Emmanuel Macron: The entrepreneur-friendly European advocate
Macron’s program suggests that he wants to introduce the Nordic model in France. The core of this model is a combination of structural reforms that make the economy more flexible and provide government incentives to increase investment. Macron plans to reduce government spending by €60bn over five years, which is partly due to the elimination of 120,000 jobs in the public sector. It also plans to reduce taxes and an investment plan of €50bn. It therefore places particular emphasis on the need to improve France’s competitiveness and promote innovation. His program includes numerous business-friendly measures. On the tax side, he has promised a reduction in corporation tax from 33.3% to 25% (the European average) and a reduction in labour costs. The environmental taxes are also likely to rise. 80% of the households would be exempted from the tax on capital; capital gains should be taxed at a flat rate of 30%. Macron predicts an unemployment rate of about 7% (3% points lower than currently) by 2022, which would lead to significant tax cuts. An important aspect of reducing unemployment is the Macron training program. He also advocates more flexibility in the labour market and more flexible working hours.
At the European level, Macron’s election victory could lead to a strengthening of the Franco-German axis, which is the driving force behind European integration. Among all presidential candidates, Macron is the biggest advocate of the European Union. If he becomes president, this could increase the acceptance of politicians across the EU. Macron calls for greater integration by creating a suitable European management structure with its own budget and fiscal policy. He also wants to set European social rights, including minimum standards for minimum wages, unemployment insurance and occupational training requirements.
Restricted power of the president without a majority in parliament
The possibility that Le Pen winning the second round of the presidential elections is very slim, but it cannot be ruled out. If she becomes the president, we expect immediate capital flight into low-risk investment classes due to their ideas of restoring France’s sovereignty and its attitude towards Europe in the financial markets. In France, as a result of cohabitation, the reform dynamics would come to an end as expected. In addition, the French president has a lot of power in foreign policy, and Le Pen is unlikely to co-operate with the German Chancellor. This will deprive Europe of the urgently needed further progress with regard to a fiscal and banking unions, which will ultimately affect its stability.
It is, however, important to emphasize that Le Pen has very limited powers in this hypothetical scenario.

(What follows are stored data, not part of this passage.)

(* Let $f_1,f_2\in S_3$ be linearly independent. Then $\dim\big(\pi_{1,2}P_\xi([f_1,f_2])\big)=2$ for almost every $\xi\in\mathbb{R}^2$.
   Context: For $j\ge0$, $S_j$ is the real vector space of homogeneous polynomials of degree $j$ in the variables $r,s$ (so $S_0=[1]$, $S_1=[r,s]$, $S_2=[r^2,rs,s^2]$, $S_3=[r^3,r^2s,rs^2,s^3]$); $[\cdot]$ denotes linear span. For $\xi=(a,b)\in\mathbb{R}^2$ and a polynomial $f$, $P_\xi f$ is the second-order Taylor polynomial of $f$ at $\xi$: $P_\xi f(r,s)=f(\xi)+\partial_rf(\xi)(r-a)+\partial_sf(\xi)(s-b)+\frac12\partial_{rr}f(\xi)(r-a)^2+\partial_{rs}f(\xi)(r-a)(s-b)+\frac12\partial_{ss}f(\xi)(s-b)^2\in S_0\oplus S_1\oplus S_2$. $\pi_{1,2}$ is the projection of $S_0\oplus S_1\oplus S_2$ onto $S_1\oplus S_2$ along $S_0$. *)

theory Defs
  imports "HOL-Analysis.Analysis" "HOL-Library.Function_Algebras"
begin

text \<open>Polynomials in the variables r, s are represented as real functions on pairs (r,s).\<close>

type_synonym rfun = "real \<times> real \<Rightarrow> real"

definition fscale :: "real \<Rightarrow> rfun \<Rightarrow> rfun" where
  "fscale c f = (\<lambda>x. c * f x)"

definition S3 :: "rfun set" where
  "S3 = {(\<lambda>(r,s). a * r^3 + b * r^2 * s + c * r * s^2 + d * s^3) | a b c d. True}"

definition d_r :: "rfun \<Rightarrow> rfun" where
  "d_r f = (\<lambda>(a,b). deriv (\<lambda>r. f (r,b)) a)"
definition d_s :: "rfun \<Rightarrow> rfun" where
  "d_s f = (\<lambda>(a,b). deriv (\<lambda>s. f (a,s)) b)"

definition taylor2 :: "real \<times> real \<Rightarrow> rfun \<Rightarrow> rfun" where
  "taylor2 xi f = (case xi of (a,b) \<Rightarrow> (\<lambda>(r,s).
      f (a,b) + d_r f (a,b) * (r - a) + d_s f (a,b) * (s - b)
      + 1/2 * d_r (d_r f) (a,b) * (r - a)^2
      + d_s (d_r f) (a,b) * (r - a) * (s - b)
      + 1/2 * d_s (d_s f) (a,b) * (s - b)^2))"

text \<open>Projection of S_0 + S_1 + S_2 onto S_1 + S_2 along S_0: removes the constant
  term, which for such a polynomial g is g(0,0).\<close>
definition pi12 :: "rfun \<Rightarrow> rfun" where
  "pi12 g = (\<lambda>x. g x - g (0,0))"

end

theory Submission imports Defs "HOL-Computational_Algebra.Polynomial" begin

text \<open>For a cubic f with coefficients (A,B,C,D), removing the constant term of the
  second-order Taylor polynomial at \<xi> = (a,b) leaves a polynomial whose quadratic part is
  given by half the Hessian of f at \<xi>, with entries 3Aa + Bb, Ba + Cb, Ca + 3Db. A linear
  relation between the images of f1, f2 therefore forces the two half Hessians to be
  parallel, i.e. all three 2\<times>2 minors vanish. Each minor is a binary quadratic form in \<xi>
  whose coefficients are combinations of the Pluecker coordinates of (f1, f2); these do not
  all vanish because f1, f2 are independent, and a nonzero binary quadratic form vanishes
  only on finitely many lines.\<close>

interpretation fv: vector_space fscale
  by unfold_locales (auto simp: fscale_def algebra_simps fun_eq_iff)

context vector_space
begin

lemma span_pair: "span {x, y} = {scale a x + scale b y | a b. True}"
proof -
  have "z \<in> span {x, y} \<longleftrightarrow> (\<exists>a b. z - scale a x = scale b y)" for z
    by (auto simp: span_breakdown_eq span_singleton)
  then show ?thesis by (auto simp: diff_eq_eq add.commute)
qed

lemma dim_span_pair:
  assumes indep: "\<And>a b. scale a x + scale b y = 0 \<Longrightarrow> a = 0 \<and> b = 0"
  shows "dim (span {x, y}) = 2"
proof -
  have "x \<noteq> y" using indep[of 1 "-1"] by auto
  moreover have "y \<noteq> 0" using indep[of 0 1] by auto
  moreover have "x \<notin> span {y}"
  proof
    assume "x \<in> span {y}"
    then obtain k where "x = scale k y" by (auto simp: span_singleton)
    then show False using indep[of 1 "-k"] by simp
  qed
  ultimately have "independent {x, y}" by (simp add: independent_insert)
  with \<open>x \<noteq> y\<close> show ?thesis using dim_span_eq_card_independent by fastforce
qed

In France, the presidential elections are always followed by the parliamentary elections to ensure that the power is not in the hands of the president alone. The parliamentary elections are held in June. The Social Democratic Party currently holds the majority in parliament (289 members), but according to recent surveys, this is likely to shift. The Republicans (currently with 198 members of parliament) would be able to win a clear parliamentary majority in the forthcoming elections. Marine Le Pens Party Front National currently occupies only two seats in Parliament, and although a significant increase (to about 60 seats) is expected, the Front National would still be far from a majority. Without a majority in parliament, Le Pen must form a coalition government. The constitution provides that the president appoints the prime minister. However, the prime minister must belong to parliament, most likely the republicans. Therefore, Le Pen should be prevented from implementing its program due to lack of parliamentary support. However, Macron is also dependent on the parliamentary majority if he wants to implement his political program. The President may also convoke national votes, but only if the motion is submitted by the Prime Minister or one of the two Houses of Parliament.
Also Macron’s party En Marche! will not win a majority in the parliamentary elections. He, too, must therefore nominate a prime minister, who belongs to another party. Traditionally, this is a recipe for political paralysis in France. Macron must strive for broad support for the reforms of the labour market, which will certainly meet with resistance. However, as the political landscape in France is clearly moving, there is still the possibility that Macron can build on support from a coalition of its own party and other reformist parties.
If Le Pens wins, there will be negative market reactions, the market is expected to react positively to a Macron victory due to its market-friendly policy, its readiness to reform, and its pronounced pro-European attitude. The markets have already reacted very positively to the results of the first round: the euro appreciated, the spreads of French government bonds narrowed and French equities recorded strong increases.